Some things in the language that increase its verbosity are done to
support extensibility, but they are possibly too straightforward. For
example name of statement/operator and name of AST object are different
to support extensibility (in xText they are the same as I understand).
This also had allowed defining different mapping to single AST node from
different contexts. I guess it could have been done in other way using
“redefine” declaration but that would have put some restrictions on
extensibility.

Also there is a bit less pressure on verbosity in ETL than in xText. If
language so big that verbosity is being felt, it is likely that some
reuse is possible (common expression language, control constructs, etc.).

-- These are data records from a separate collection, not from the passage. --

definition good_at :: "nat \<Rightarrow> (nat list \<Rightarrow> complex \<Rightarrow> complex) \<Rightarrow> bool" where
  "good_at n c \<longleftrightarrow> (\<forall>eps\<in>blocks n.
     (eps \<noteq> [] \<longrightarrow> c eps \<in> deck_group \<phi>) \<and>
     chain_set c eps \<in> components (lift_stay n) \<and>
     chain_set c eps \<subseteq> chain_set c (butlast eps) \<and>
     (\<forall>eps'\<in>blocks n. \<phi> ` chain_set c eps = \<phi> ` chain_set c eps' \<longrightarrow> chain_set c eps = chain_set c eps'))"

lemma good_atD:
  assumes "good_at n c" "eps \<in> blocks n"
  shows "eps \<noteq> [] \<Longrightarrow> c eps \<in> deck_group \<phi>"
    and "chain_set c eps \<in> components (lift_stay n)"
    and "chain_set c eps \<subseteq> chain_set c (butlast eps)"
    and "eps' \<in> blocks n \<Longrightarrow> \<phi> ` chain_set c eps = \<phi> ` chain_set c eps' \<Longrightarrow> chain_set c eps = chain_set c eps'"
  using assms by (auto simp: good_at_def)

lemma good_at_cong:
  assumes "\<And>e. length e \<le> n \<Longrightarrow> c e = c' e"
  shows "good_at n c \<longleftrightarrow> good_at n c'"
proof -
  have "c eps = c' eps \<and> chain_set c eps = chain_set c' eps \<and>
      chain_set c (butlast eps) = chain_set c' (butlast eps)" if "eps \<in> blocks n" for eps
    using assms that by (auto simp: blocks_def intro!: chain_set_cong)
  then show ?thesis
    unfolding good_at_def by (intro ball_cong) (simp_all cong: ball_cong)
qed

lemma good_at_0: "good_at 0 c"
proof -
  have "lift_stay 0 = unit_disc"
    using covering_space_imp_surjective[OF cov] by auto
  then have "unit_disc \<in> components (lift_stay 0)"
    by (simp add: in_components_self)
  then show ?thesis
    by (simp add: good_at_def blocks_def)
qed

definition lifted :: "(nat list \<Rightarrow> complex \<Rightarrow> complex) \<Rightarrow> nat list \<Rightarrow> complex set" where
  "lifted c eps = g (hd eps) ` chain_set c (tl eps)"

lemma chain_set_eq_lifted:
  assumes "eps \<noteq> []" and "\<And>e. length e < length eps \<Longrightarrow> c' e = c e"
  shows "chain_set c' eps = c' eps ` lifted c eps"
proof (cases eps)
  case (Cons e r)
  then have "chain_set c' r = chain_set c r"
    using assms(2) by (intro chain_set_cong) simp
  with Cons show ?thesis
    by (simp add: lifted_def)
qed (use assms in simp)

text \<open>The choice depends on \<open>eps\<close> only through the parent and the projection of the lift;
  this is what makes the construction respect property (3).\<close>
definition canonical :: "(nat list \<Rightarrow> complex \<Rightarrow> complex) \<Rightarrow> nat list \<Rightarrow> complex set" where
  "canonical c eps = (SOME X. X \<in> components (lift_stay (length eps)) \<and>
     X \<subseteq> chain_set c (butlast eps) \<and> \<phi> ` X = \<phi> ` lifted c eps)"

context
  fixes k :: nat and c :: "nat list \<Rightarrow> complex \<Rightarrow> complex"
  assumes good: "good_at k c"
begin

lemma lifted_in_components:
  assumes "eps \<in> blocks (Suc k)"
  shows "lifted c eps \<in> components (lift_stay (Suc k))"
proof -
  obtain e r where "eps = e # r" "e < d" "r \<in> blocks k"
    using blocks_SucE[OF assms] .
  then show ?thesis
    using g_image_in_components good_atD(2)[OF good] by (simp add: lifted_def)
qed

lemma lifted_nonempty_subset:
  assumes "eps \<in> blocks (Suc k)"
  shows "lifted c eps \<noteq> {}" "lifted c eps \<subseteq> unit_disc"
  using in_components_nonempty in_components_subset lifted_in_components[OF assms] by blast+

lemma lifted_moved_into_parent:
  assumes "eps \<in> blocks (Suc k)"
  obtains \<gamma> where "\<gamma> \<in> deck_group \<phi>" "\<gamma> ` lifted c eps \<subseteq> chain_set c (butlast eps)"
proof -
  obtain e r where eps: "eps = e # r" and e: "e < d" and r: "r \<in> blocks k"
    using blocks_SucE[OF assms] .
  show thesis
  proof (cases "r = []")
    case True
    then have "id ` lifted c eps \<subseteq> chain_set c (butlast eps)"
      using lifted_nonempty_subset(2)[OF assms] eps by simp
    then show thesis
      using that id_in_deck_group by blast
  next
    case False
    then have parent: "butlast eps = e # butlast r"
      using eps by simp
    then have "e # butlast r \<in> blocks k"
      using butlast_in_blocks[OF assms] by simp
    then have "c (e # butlast r) \<in> deck_group \<phi>"
      using good_atD(1)[OF good] by blast
    moreover have "c (e # butlast r) ` lifted c eps \<subseteq> chain_set c (butlast eps)"
      using good_atD(3)[OF good r] eps parent by (auto simp: lifted_def)
    ultimately show thesis
      using that by blast
  qed
qed

lemma canonical_spec:
  assumes "eps \<in> blocks (Suc k)"
  shows "canonical c eps \<in> components (lift_stay (Suc k))"
    and "canonical c eps \<subseteq> chain_set c (butlast eps)"
    and "\<phi> ` canonical c eps = \<phi> ` lifted c eps"
proof -
  obtain \<gamma> where \<gamma>: "\<gamma> \<in> deck_group \<phi>" "\<gamma> ` lifted c eps \<subseteq> chain_set c (butlast eps)"
    using lifted_moved_into_parent[OF assms] .
  have len: "length eps = Suc k"
    using assms by (simp add: blocks_def)
  have "\<gamma> ` lifted c eps \<in> components (lift_stay (length eps))"
    unfolding len by (rule deck_group_components[OF \<gamma>(1) lifted_in_components[OF assms]])
  moreover have "\<phi> ` \<gamma> ` lifted c eps = \<phi> ` lifted c eps"
    by (rule image_deck_group[OF \<gamma>(1) lifted_nonempty_subset(2)[OF assms]])
  ultimately have "\<exists>X. X \<in> components (lift_stay (length eps)) \<and>
      X \<subseteq> chain_set c (butlast eps) \<and> \<phi> ` X = \<phi> ` lifted c eps"
    using \<gamma>(2) by (intro exI[of _ "\<gamma> ` lifted c eps"] conjI)
  then have "canonical c eps \<in> components (lift_stay (length eps)) \<and>
      canonical c eps \<subseteq> chain_set c (butlast eps) \<and> \<phi> ` canonical c eps = \<phi> ` lifted c eps"
    unfolding canonical_def by (rule someI_ex)
  then show "canonical c eps \<in> components (lift_stay (Suc k))"
    and "canonical c eps \<subseteq> chain_set c (butlast eps)" and "\<phi> ` canonical c eps = \<phi> ` lifted c eps"
    unfolding len by blast+
qed

lemma canonical_eq:
  assumes eps: "eps \<in> blocks (Suc k)" and eps': "eps' \<in> blocks (Suc k)"
    and eq: "\<phi> ` lifted c eps = \<phi> ` lifted c eps'"
  shows "canonical c eps = canonical c eps'"
proof -
  have parents: "butlast eps \<in> blocks k" "butlast eps' \<in> blocks k"
    using butlast_in_blocks eps eps' by blast+
  have "\<phi> ` lifted c eps \<subseteq> \<phi> ` chain_set c (butlast eps)"
    "\<phi> ` lifted c eps' \<subseteq> \<phi> ` chain_set c (butlast eps')"
    using canonical_spec(3)[OF eps] image_mono[OF canonical_spec(2)[OF eps], of \<phi>]
      canonical_spec(3)[OF eps'] image_mono[OF canonical_spec(2)[OF eps'], of \<phi>] by simp_all
  moreover obtain x where "x \<in> lifted c eps"
    using lifted_nonempty_subset(1)[OF eps] by blast
  ultimately have "\<phi> x \<in> \<phi> ` chain_set c (butlast eps) \<inter> \<phi> ` chain_set c (butlast eps')"
    using eq by blast
  then have "\<phi> ` chain_set c (butlast eps) = \<phi> ` chain_set c (butlast eps')"
    using image_components_eq[OF cov \<phi>_hol good_atD(2)[OF good parents(1)] good_atD(2)[OF good parents(2)]]
    by blast
  then have "chain_set c (butlast eps) = chain_set c (butlast eps')"
    by (rule good_atD(4)[OF good parents])
  moreover have "length eps = length eps'"
    using eps eps' by (simp add: blocks_def)
  ultimately show ?thesis
    unfolding canonical_def eq by simp
qed

lemma lifted_moved_to_canonical:
  assumes "eps \<in> blocks (Suc k)"
  obtains \<gamma> where "\<gamma> \<in> deck_group \<phi>" "\<gamma> ` lifted c eps = canonical c eps"
proof (rule deck_group_transitive_components[OF cov \<phi>_hol lifted_in_components[OF assms] canonical_spec(1)[OF assms]])
  show "\<phi> ` lifted c eps \<inter> \<phi> ` canonical c eps \<noteq> {}"
    using canonical_spec(3)[OF assms] lifted_nonempty_subset(1)[OF assms] by simp
qed (use that in blast)

end

lemma good_at_extend:
  assumes good: "good_at k c"
  obtains c' where "good_at (Suc k) c'" "\<And>eps. length eps \<le> k \<Longrightarrow> c' eps = c eps"
proof -
  define c' where "c' eps = (if length eps = Suc k
      then SOME \<gamma>. \<gamma> \<in> deck_group \<phi> \<and> \<gamma> ` lifted c eps = canonical c eps else c eps)" for eps
  have agree: "c' eps = c eps" if "length eps \<le> k" for eps
    using that by (simp add: c'_def)
  have deck: "c' eps \<in> deck_group \<phi>" and chain: "chain_set c' eps = canonical c eps"
    if eps: "eps \<in> blocks (Suc k)" for eps
  proof -
    have ex: "\<exists>\<gamma>. \<gamma> \<in> deck_group \<phi> \<and> \<gamma> ` lifted c eps = canonical c eps"
      using lifted_moved_to_canonical[OF good eps] by metis
    have len: "length eps = Suc k"
      using eps by (simp add: blocks_def)
    then have "c' eps \<in> deck_group \<phi> \<and> c' eps ` lifted c eps = canonical c eps"
      unfolding c'_def using someI_ex[OF ex] by simp
    moreover have "chain_set c' eps = c' eps ` lifted c eps"
      using len agree by (intro chain_set_eq_lifted) auto
    ultimately show "c' eps \<in> deck_group \<phi>" "chain_set c' eps = canonical c eps"
      by simp_all
  qed
  have parent: "chain_set c' (butlast eps) = chain_set c (butlast eps)" if "eps \<in> blocks (Suc k)" for eps
    using agree butlast_in_blocks[OF that] by (intro chain_set_cong) (simp add: blocks_def)
  have "good_at (Suc k) c'"
    unfolding good_at_def
  proof (intro ballI conjI impI)
    fix eps assume eps: "eps \<in> blocks (Suc k)"
    show "c' eps \<in> deck_group \<phi>"
      using deck[OF eps] .
    show "chain_set c' eps \<in> components (lift_stay (Suc k))"
      using chain[OF eps] canonical_spec(1)[OF good eps] by simp
    show "chain_set c' eps \<subseteq> chain_set c' (butlast eps)"
      using chain[OF eps] parent[OF eps] canonical_spec(2)[OF good eps] by simp
    fix eps' assume eps': "eps' \<in> blocks (Suc k)" and eq: "\<phi> ` chain_set c' eps = \<phi> ` chain_set c' eps'"
    then have "\<phi> ` lifted c eps = \<phi> ` lifted c eps'"
      using chain[OF eps] chain[OF eps'] canonical_spec(3)[OF good eps] canonical_spec(3)[OF good eps'] by simp
    then show "chain_set c' eps = chain_set c' eps'"
      using chain[OF eps] chain[OF eps'] canonical_eq[OF good eps eps'] by simp
  qed
  with agree show thesis
    using that by blast
qed
lemma cinner_add_right: "cinner x (y + z) = cinner x y + cinner x z"
  by (simp add: cinner_def algebra_simps sum.distrib)

lemma cinner_add_left: "cinner (x + y) z = cinner x z + cinner y z"
  by (simp add: cinner_def algebra_simps sum.distrib)

lemma cinner_diff_right: "cinner x (y - z) = cinner x y - cinner x z"
  by (simp add: cinner_def algebra_simps sum_subtractf)

lemma cinner_diff_left: "cinner (x - y) z = cinner x z - cinner y z"
  by (simp add: cinner_def algebra_simps sum_subtractf)

lemma cinner_smult_right: "cinner x (c *s y) = c * cinner x y"
  by (simp add: cinner_def sum_distrib_left mult_ac)

lemma cinner_smult_left: "cinner (c *s x) y = cnj c * cinner x y"
  by (simp add: cinner_def sum_distrib_left mult_ac)

lemma cinner_axis_left: "cinner (axis l 1) y = y $ l"
  unfolding cinner_def axis_def
  by (subst sum.cong[OF refl, where h="\<lambda>i. if i = l then y$i else 0"]) auto

lemma cinner_axis_right: "cinner y (axis l 1) = cnj (y $ l)"
  unfolding cinner_def axis_def
  by (subst sum.cong[OF refl, where h="\<lambda>i. if i = l then cnj (y$i) else 0"]) auto

lemma cinner_self: "cinner x x = complex_of_real (\<Sum>i\<in>UNIV. (cmod (x $ i))^2)"
  unfolding cinner_def of_real_sum
  by (intro sum.cong refl) (metis complex_norm_square mult.commute)

lemma cinner_self_pos: assumes "x \<noteq> 0" shows "Re (cinner x x) > 0"
proof -
  obtain i where "x $ i \<noteq> 0" using assms by (auto simp: vec_eq_iff)
  then have "0 < (cmod (x $ i))^2" by simp
  also have "\<dots> \<le> (\<Sum>i\<in>UNIV. (cmod (x $ i))^2)" by (rule member_le_sum) auto
  finally show ?thesis by (simp add: cinner_self)
qed

definition unit_vec :: "complex^'n \<Rightarrow> complex^'n" where
  "unit_vec x = complex_of_real (1 / sqrt (Re (cinner x x))) *s x"

lemma cinner_unit_vec_self:
  assumes "x \<noteq> 0" shows "cinner (unit_vec x) (unit_vec x) = 1"
proof -
  define s where "s = Re (cinner x x)"
  have s: "s > 0" using cinner_self_pos[OF assms] s_def by simp
  have cx: "cinner x x = complex_of_real s" unfolding s_def by (simp add: cinner_self)
  have "(1 / sqrt s) * (1 / sqrt s) * s = 1"
    using s by (simp add: field_simps)
  moreover have "cinner (unit_vec x) (unit_vec x)
      = complex_of_real ((1 / sqrt s) * (1 / sqrt s) * s)"
    unfolding unit_vec_def s_def[symmetric] cinner_smult_left cinner_smult_right cx
    by (simp only: complex_cnj_complex_of_real of_real_mult mult.assoc Re_complex_of_real)
  ultimately show ?thesis by simp
qed

lemma cinner_unit_vec_right: "cinner y x = 0 \<Longrightarrow> cinner y (unit_vec x) = 0"
  by (simp add: unit_vec_def cinner_smult_right)

lemma cadj_cadj [simp]: "cadj (cadj A) = A"
  by (simp add: vec_eq_iff cadj_def)

lemma cadj_mult: "cadj (A ** B) = cadj B ** cadj A"
  by (simp add: vec_eq_iff matrix_matrix_mult_def cadj_def mult_ac)

lemma cadj_add: "cadj (A + B) = cadj A + cadj B"
  by (simp add: vec_eq_iff cadj_def)

lemma cadj_diff: "cadj (A - B) = cadj A - cadj B"
  by (simp add: vec_eq_iff cadj_def)

lemma cadj_scaleR: "cadj (c *\<^sub>R A) = c *\<^sub>R cadj A"
  by (simp add: vec_eq_iff cadj_def)

lemma cadj_sum: "cadj (sum f S) = (\<Sum>x\<in>S. cadj (f x))"
  by (induct S rule: infinite_finite_induct) (auto simp: cadj_add vec_eq_iff cadj_def)

lemma cadj_mat1 [simp]: "cadj (mat 1) = mat 1"
  by (simp add: vec_eq_iff cadj_def mat_def)

lemma cadj_outer: "cadj (outer x y) = outer y x"
  by (simp add: vec_eq_iff outer_def cadj_def)

lemma cinner_adj: "cinner x (M *v y) = cinner (cadj M *v x) y"
  by (simp add: cinner_def matrix_vector_mult_def cadj_def sum_distrib_left sum_distrib_right mult_ac,
   subst sum.swap, simp add: mult_ac)

lemma herm_cinner: assumes "X \<in> Herm" shows "cinner y (X *v x) = cnj (cinner x (X *v y))"
  using cinner_adj[of y X x] assms by (simp add: Herm_def cnj_cinner)

lemma matrix_add_rdistrib: "(B + C) ** A = B ** A + C ** (A::complex^'n^'n)"
  by (simp add: vec_eq_iff matrix_matrix_mult_def sum.distrib algebra_simps)

lemma matrix_diff_rdistrib: "(A - B) ** M = A ** M - B ** (M::complex^'n^'n)"
  by (simp add: vec_eq_iff matrix_matrix_mult_def sum_subtractf algebra_simps)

The state machine is actually a good sample to demonstrate a need for
extensibility. Initial example is very small and neat. But how long will
it stay as such when you will start receiving user feedback? Feedback
will be likely chained like in the following scenario (guesswork from
experience):

1. The first thing the users will likely want would be guards on
transitions. This will lead to expression sublanguage. Possibly an
existing one like Java or OCL or directly mappable to them.

2. Then it is very likely that users will want action sublanguage that
shares some things with expression sublanguage. Specifying a method name
is a bit too limiting. User will prefer to specify code in place rather
than in some separate template. And the user will prefer to reference
external code libraries directly from action language.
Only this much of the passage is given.